Little 1/4 oz diamond jigs work well when they are being picky


----------



## hjorgan (Sep 30, 2007)

*Small Drone spoons work*

silver or those green-mylar ones.
Not the big ones but the smaller ones.
Gotta match the hatch for sure.


----------



## straycat (Jul 26, 2008)

Thanks for all the info guys


----------



## Xanadu (Oct 1, 2007)

The best thing you could do would be to troll a bunch of tiny spreader bars with white feathered jigs or white tiny squids. You could load the freaking boat pulling 4 bars.


----------



## xyzzy (Oct 26, 2008)

Small Shimano Waxwing is by far the sure fire way to cast into a moving school and hookup every time!


----------



## redlegs (Oct 1, 2007)

Troll a Clark spoon, 3 ft light wire leader behind a light trolling sinker (4 to 6oz). Bright and shiny Bo's can't resist.
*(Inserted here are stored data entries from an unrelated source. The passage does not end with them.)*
(* Let $A\in\mathfrak{so}(q_1)^p$ and $B\in\mathfrak{so}(q_2)^p$ each have linearly independent components. Suppose each of them is a distinguished point for $SL(q_i,\mathbb R)\times SL(p,\mathbb R)$ (with $q_1$, $q_2$ respectively) and is $SL(p,\mathbb R)$-minimal. Then there exists $c>0$ such that the concatenation $C=A+_c(cB)\in\mathfrak{so}(q_1+q_2)^p$ is a distinguished point for $SL(q_1+q_2,\mathbb R)\times SL(p,\mathbb R)$ and is $SL(p,\mathbb R)$-minimal. Consequently $\mathbb R^{p+q_1+q_2}(C)$ with its standard inner product is a nilsoliton.
   Context: $\mathfrak{so}(q)$ denotes the real skew-symmetric $q\times q$ matrices, with inner product $\langle X,Y\rangle=\mathrm{tr}(XY^T)$. The group $GL(q,\mathbb R)\times GL(p,\mathbb R)$ acts on $\mathfrak{so}(q)^p$ by $(g,h)\cdot(C_1,\dots,C_p)=(C'_1,\dots,C'_p)$ with $C'_k=\sum_i h_{ki}\,gC_ig^T$. The Lie algebra action of $(X,Y)$ is $\big((X,Y)\cdot C\big)_k=XC_k+C_kX^T+\sum_iY_{ki}C_i$. Moment maps: $m_1(C)=-2\sum_iC_i^2$ and $m_2(C)=[\mathrm{tr}(C_iC_j^T)]_{ij}$. Their traceless parts $m_1^0$, $m_2^0$ are the $SL$ moment maps. $C$ is distinguished for $SL(q)\times SL(p)$ if $(m_1^0(C),m_2^0(C))\cdot C=rC$ for some $r\in\mathbb R$. $C$ is $SL(p)$-minimal if $m_2^0(C)=0$. Concatenation: for $A\in\mathfrak{so}(q_1)^p$ and $B\in\mathfrak{so}(q_2)^p$, $A+_cB\in\mathfrak{so}(q_1+q_2)^p$ has $k$-th component the block-diagonal matrix $\mathrm{diag}(A_k,B_k)$. For $C\in\mathfrak{so}(q)^p$ with linearly independent components, $\mathbb R^{p+q}(C)$ is the two-step nilpotent Lie algebra on $\mathbb R^{q+p}$ with $[e_i,e_j]=\sum_k(C_k)_{ij}e_{q+k}$ for $i,j\le q$ and all other brackets of basis vectors zero. Its standard inner product makes $\{e_i\}$ orthonormal. A nilsoliton is an inner product whose Ricci operator equals $\lambda\mathrm{Id}+D$ for some $\lambda\in\mathbb R$ and some symmetric derivation $D$. *)

theory Defs
  imports Main "HOL-Analysis.Analysis"
begin

text \<open>Matrices are functions nat => nat => real; an n x n matrix is one that
vanishes outside indices below n. A p-tuple of matrices is a function
nat => (matrix), with components indexed by k < p.\<close>

type_synonym mat = "nat \<Rightarrow> nat \<Rightarrow> real"
type_synonym mtuple = "nat \<Rightarrow> mat"

definition so :: "nat \<Rightarrow> mat set" where
  "so q = {M. (\<forall>i j. M i j = - M j i) \<and> (\<forall>i j. \<not>(i < q \<and> j < q) \<longrightarrow> M i j = 0)}"

definition in_so_pow :: "nat \<Rightarrow> nat \<Rightarrow> mtuple \<Rightarrow> bool" where
  "in_so_pow q p C \<longleftrightarrow> (\<forall>k<p. C k \<in> so q) \<and> (\<forall>k. p \<le> k \<longrightarrow> C k = (\<lambda>i j. 0))"

definition lin_indep_comps :: "nat \<Rightarrow> mtuple \<Rightarrow> bool" where
  "lin_indep_comps p C \<longleftrightarrow>
     (\<forall>a :: nat \<Rightarrow> real. (\<forall>i j. (\<Sum>k<p. a k * C k i j) = 0) \<longrightarrow> (\<forall>k<p. a k = 0))"

definition mmul :: "nat \<Rightarrow> mat \<Rightarrow> mat \<Rightarrow> mat" where
  "mmul n X Y = (\<lambda>i j. \<Sum>l<n. X i l * Y l j)"

definition mtrans :: "mat \<Rightarrow> mat" where
  "mtrans X = (\<lambda>i j. X j i)"

definition mtrace :: "nat \<Rightarrow> mat \<Rightarrow> real" where
  "mtrace n X = (\<Sum>i<n. X i i)"

definition ident :: "nat \<Rightarrow> mat" where
  "ident n = (\<lambda>i j. if i = j \<and> i < n then 1 else 0)"

definition m1 :: "nat \<Rightarrow> nat \<Rightarrow> mtuple \<Rightarrow> mat" where
  "m1 q p C = (\<lambda>a b. -2 * (\<Sum>i<p. mmul q (C i) (C i) a b))"

definition m2 :: "nat \<Rightarrow> nat \<Rightarrow> mtuple \<Rightarrow> mat" where
  "m2 q p C = (\<lambda>i j. if i < p \<and> j < p then mtrace q (mmul q (C i) (mtrans (C j))) else 0)"

text \<open>Traceless parts (the SL moment maps).\<close>

definition traceless :: "nat \<Rightarrow> mat \<Rightarrow> mat" where
  "traceless n X = (\<lambda>i j. X i j - (mtrace n X / real n) * ident n i j)"

definition m1_0 :: "nat \<Rightarrow> nat \<Rightarrow> mtuple \<Rightarrow> mat" where
  "m1_0 q p C = traceless q (m1 q p C)"

definition m2_0 :: "nat \<Rightarrow> nat \<Rightarrow> mtuple \<Rightarrow> mat" where
  "m2_0 q p C = traceless p (m2 q p C)"

definition lie_act :: "nat \<Rightarrow> nat \<Rightarrow> mat \<Rightarrow> mat \<Rightarrow> mtuple \<Rightarrow> mtuple" where
  "lie_act q p X Y C = (\<lambda>k a b.
      mmul q X (C k) a b + mmul q (C k) (mtrans X) a b + (\<Sum>i<p. Y k i * C i a b))"

definition distinguished :: "nat \<Rightarrow> nat \<Rightarrow> mtuple \<Rightarrow> bool" where
  "distinguished q p C \<longleftrightarrow>
     (\<exists>r::real. \<forall>k<p. \<forall>a<q. \<forall>b<q.
        lie_act q p (m1_0 q p C) (m2_0 q p C) C k a b = r * C k a b)"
Spanish and Kings will hit it as well.
More than one rod configged this way and you'll get tired of them going off in multiples.


----------



## straycat (Jul 26, 2008)

All the suggestions are great, appreciate it, I really like the spreader bar idea Thanks Everyone


----------



## wetdreamer (Mar 26, 2011)

I catch alot of them with planners and #2 PINK spoons. they absolutely LOVE the pink spoons


----------



## Jaybird (Apr 27, 2010)

crystal minnows and gotcha plugs work well for me


----------



## JoeyWelch (Sep 25, 2009)

Crippled Herring. They cast good also.


----------